-- Exercise materials follows --
(* In the discrete scheme described in the context, let $M'=\max_j|\theta^n_j|+\max_j|q^n_j|$. There is a constant $C>0$ depending only on $M'$, $T$ and $Q^{sat}$ such that for all $s<t$ in $[0,T)$ and all $z\in[0,1)$, $$(F^n(t,z)-F^n(s,z))^+\le C\big(\hat\theta^n(t,z)-\hat\theta^n(s,z)\big).$$
   Context: $Q^{sat}:\mathbb{R}^3\to\mathbb{R}$ is smooth with $\partial_\theta Q^{sat}>0$, $\partial_zQ^{sat}<0$. $\Theta(w,z,t)$ is the solution $\theta$ of $\theta+Q^{sat}(\theta,z,t)=w$ (assumed well defined), with $\partial_w\Theta>0$, $\partial_z\Theta>0$. Discrete scheme. Fix $T>0$, $n\ge1$, $\delta t>0$, $z_i=i/n$, $J_i=[\frac{i-1}n,\frac in)$. There are $n$ parcels $j=1,\dots,n$; initially parcel $j$ is at position $j$ with value $\theta^n_j$, where $\theta^n_1\le\dots\le\theta^n_n$ and $q^n_j\le Q^{sat}(\theta^n_j,z_j,0)$; parcel $j$ carries the fixed number $\theta^M_j=\theta^n_j+q^n_j$. One time step from $k\delta t$ to $(k+1)\delta t$, with $\tau=(k+1)\delta t$: positions $m=n,\dots,1$ are processed in this order. At stage $m$, with current configuration (parcel $p(i)$ at position $i$ with value $\vartheta_i$), position $i$ is wet if $\vartheta_i<\Theta(\theta^M_{p(i)},z_i,\tau)$; a wet position $i_0\le m$ is eligible if for every $i$ with $i_0<i\le m$, either $i$ is not wet and $\vartheta_i<\Theta(\theta^M_{p(i_0)},z_i,\tau)$, or $i$ is wet and $\theta^M_{p(i_0)}>\theta^M_{p(i)}$. If some position is eligible, let $i_*$ be the eligible position whose parcel has the largest $\theta^M$ (largest position in case of ties); that parcel moves to position $m$ with new value $\Theta(\theta^M_{p(i_* )},z_m,\tau)$, the parcels at $i_*+1,\dots,m$ move down one position keeping their values, others unchanged; otherwise nothing changes. After stage $1$ one has the configuration at time $(k+1)\delta t$. $\alpha_{k\delta t}(j)$ is the position of parcel $j$ after $k$ steps, $\theta^n_i(k\delta t)$ the value at position $i$. For $k\delta t\le t<(k+1)\delta t$ and $z\in J_j$: $\theta^n(t,z)=\theta^n_j(k\delta t)$, $F^n(t,z)=z-z_j+z_{\alpha_{k\delta t}(j)}$, and $\hat\theta^n(t,z)=\theta^n(t,F^n(t,z))$. *)

theory Defs
  imports "HOL-Analysis.Analysis"
begin

text \<open>A function is smooth if it is (Frechet) differentiable everywhere and every
directional derivative function is again smooth (coinductively: derivatives of all orders exist).\<close>
coinductive smooth3 :: "(real \<times> real \<times> real \<Rightarrow> real) \<Rightarrow> bool" where
  "(\<And>x. (f has_derivative f' x) (at x)) \<Longrightarrow> (\<And>v. smooth3 (\<lambda>x. f' x v)) \<Longrightarrow> smooth3 f"

definition Theta :: "(real \<Rightarrow> real \<Rightarrow> real \<Rightarrow> real) \<Rightarrow> real \<Rightarrow> real \<Rightarrow> real \<Rightarrow> real" where
  "Theta Q w z t = (THE \<theta>. \<theta> + Q \<theta> z t = w)"

text \<open>A configuration: p i = parcel at position i, v i = value at position i (positions 1..n).
  thM j = theta^M_j, the number carried by parcel j.\<close>
type_synonym config = "(nat \<Rightarrow> nat) \<times> (nat \<Rightarrow> real)"

definition zpos :: "nat \<Rightarrow> nat \<Rightarrow> real" where
  "zpos n i = real i / real n"

definition wet :: "(real \<Rightarrow> real \<Rightarrow> real \<Rightarrow> real) \<Rightarrow> nat \<Rightarrow> (nat \<Rightarrow> real) \<Rightarrow> real
    \<Rightarrow> config \<Rightarrow> nat \<Rightarrow> bool" where
  "wet Q n thM \<tau> c i = (snd c i < Theta Q (thM (fst c i)) (zpos n i) \<tau>)"

definition eligible :: "(real \<Rightarrow> real \<Rightarrow> real \<Rightarrow> real) \<Rightarrow> nat \<Rightarrow> (nat \<Rightarrow> real) \<Rightarrow> real
    \<Rightarrow> config \<Rightarrow> nat \<Rightarrow> nat \<Rightarrow> bool" where
  "eligible Q n thM \<tau> c m i0 =
     (1 \<le> i0 \<and> i0 \<le> m \<and> wet Q n thM \<tau> c i0 \<and>
      (\<forall>i. i0 < i \<and> i \<le> m \<longrightarrow>
         (\<not> wet Q n thM \<tau> c i \<and> snd c i < Theta Q (thM (fst c i0)) (zpos n i) \<tau>) \<or>
         (wet Q n thM \<tau> c i \<and> thM (fst c i0) > thM (fst c i))))"

definition istar :: "(real \<Rightarrow> real \<Rightarrow> real \<Rightarrow> real) \<Rightarrow> nat \<Rightarrow> (nat \<Rightarrow> real) \<Rightarrow> real
    \<Rightarrow> config \<Rightarrow> nat \<Rightarrow> nat" where
  "istar Q n thM \<tau> c m =
     (GREATEST i. eligible Q n thM \<tau> c m i \<and>
        (\<forall>i'. eligible Q n thM \<tau> c m i' \<longrightarrow> thM (fst c i') \<le> thM (fst c i)))"

definition stage :: "(real \<Rightarrow> real \<Rightarrow> real \<Rightarrow> real) \<Rightarrow> nat \<Rightarrow> (nat \<Rightarrow> real) \<Rightarrow> real
    \<Rightarrow> nat \<Rightarrow> config \<Rightarrow> config" where
  "stage Q n thM \<tau> m c =
     (if \<exists>i. eligible Q n thM \<tau> c m i then
        (let k = istar Q n thM \<tau> c m; (p, v) = c in
          (\<lambda>i. if i < k \<or> m < i then p i else if i < m then p (Suc i) else p k,
           \<lambda>i. if i < k \<or> m < i then v i else if i < m then v (Suc i)
                else Theta Q (thM (p k)) (zpos n m) \<tau>))
      else c)"

definition time_step :: "(real \<Rightarrow> real \<Rightarrow> real \<Rightarrow> real) \<Rightarrow> nat \<Rightarrow> (nat \<Rightarrow> real) \<Rightarrow> real
    \<Rightarrow> config \<Rightarrow> config" where
  "time_step Q n thM \<tau> c = fold (stage Q n thM \<tau>) (rev [1..<Suc n]) c"

fun config_at :: "(real \<Rightarrow> real \<Rightarrow> real \<Rightarrow> real) \<Rightarrow> nat \<Rightarrow> real \<Rightarrow> (nat \<Rightarrow> real) \<Rightarrow> (nat \<Rightarrow> real)
    \<Rightarrow> nat \<Rightarrow> config" where
  "config_at Q n dt th0 q 0 = (\<lambda>i. i, th0)"
| "config_at Q n dt th0 q (Suc k) =
     time_step Q n (\<lambda>j. th0 j + q j) (real (Suc k) * dt) (config_at Q n dt th0 q k)"

definition alpha :: "(real \<Rightarrow> real \<Rightarrow> real \<Rightarrow> real) \<Rightarrow> nat \<Rightarrow> real \<Rightarrow> (nat \<Rightarrow> real) \<Rightarrow> (nat \<Rightarrow> real)
    \<Rightarrow> nat \<Rightarrow> nat \<Rightarrow> nat" where
  "alpha Q n dt th0 q k j = (THE i. 1 \<le> i \<and> i \<le> n \<and> fst (config_at Q n dt th0 q k) i = j)"

definition step_idx :: "real \<Rightarrow> real \<Rightarrow> nat" where
  "step_idx dt t = nat \<lfloor>t / dt\<rfloor>"

definition cell_idx :: "nat \<Rightarrow> real \<Rightarrow> nat" where
  "cell_idx n z = nat \<lfloor>real n * z\<rfloor> + 1"

definition theta_n :: "(real \<Rightarrow> real \<Rightarrow> real \<Rightarrow> real) \<Rightarrow> nat \<Rightarrow> real \<Rightarrow> (nat \<Rightarrow> real) \<Rightarrow> (nat \<Rightarrow> real)
    \<Rightarrow> real \<Rightarrow> real \<Rightarrow> real" where
  "theta_n Q n dt th0 q t z = snd (config_at Q n dt th0 q (step_idx dt t)) (cell_idx n z)"

definition F_n :: "(real \<Rightarrow> real \<Rightarrow> real \<Rightarrow> real) \<Rightarrow> nat \<Rightarrow> real \<Rightarrow> (nat \<Rightarrow> real) \<Rightarrow> (nat \<Rightarrow> real)
    \<Rightarrow> real \<Rightarrow> real \<Rightarrow> real" where
  "F_n Q n dt th0 q t z =
     z - zpos n (cell_idx n z) + zpos n (alpha Q n dt th0 q (step_idx dt t) (cell_idx n z))"

definition theta_hat :: "(real \<Rightarrow> real \<Rightarrow> real \<Rightarrow> real) \<Rightarrow> nat \<Rightarrow> real \<Rightarrow> (nat \<Rightarrow> real) \<Rightarrow> (nat \<Rightarrow> real)
    \<Rightarrow> real \<Rightarrow> real \<Rightarrow> real" where
  "theta_hat Q n dt th0 q t z = theta_n Q n dt th0 q t (F_n Q n dt th0 q t z)"

end

theory Submission
  imports Defs
begin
-- Exercise materials concluded --
**Exercise instructions**
Retype only the stretch of lines above starting at the one with "(1 \<le> i0" and stopping at the one with "(if \<exists>i. eligible", exactly as written, with both kept.

**Solution to this exercise**
     (1 \<le> i0 \<and> i0 \<le> m \<and> wet Q n thM \<tau> c i0 \<and>
      (\<forall>i. i0 < i \<and> i \<le> m \<longrightarrow>
         (\<not> wet Q n thM \<tau> c i \<and> snd c i < Theta Q (thM (fst c i0)) (zpos n i) \<tau>) \<or>
         (wet Q n thM \<tau> c i \<and> thM (fst c i0) > thM (fst c i))))"

definition istar :: "(real \<Rightarrow> real \<Rightarrow> real \<Rightarrow> real) \<Rightarrow> nat \<Rightarrow> (nat \<Rightarrow> real) \<Rightarrow> real
    \<Rightarrow> config \<Rightarrow> nat \<Rightarrow> nat" where
  "istar Q n thM \<tau> c m =
     (GREATEST i. eligible Q n thM \<tau> c m i \<and>
        (\<forall>i'. eligible Q n thM \<tau> c m i' \<longrightarrow> thM (fst c i') \<le> thM (fst c i)))"

definition stage :: "(real \<Rightarrow> real \<Rightarrow> real \<Rightarrow> real) \<Rightarrow> nat \<Rightarrow> (nat \<Rightarrow> real) \<Rightarrow> real
    \<Rightarrow> nat \<Rightarrow> config \<Rightarrow> config" where
  "stage Q n thM \<tau> m c =
     (if \<exists>i. eligible Q n thM \<tau> c m i then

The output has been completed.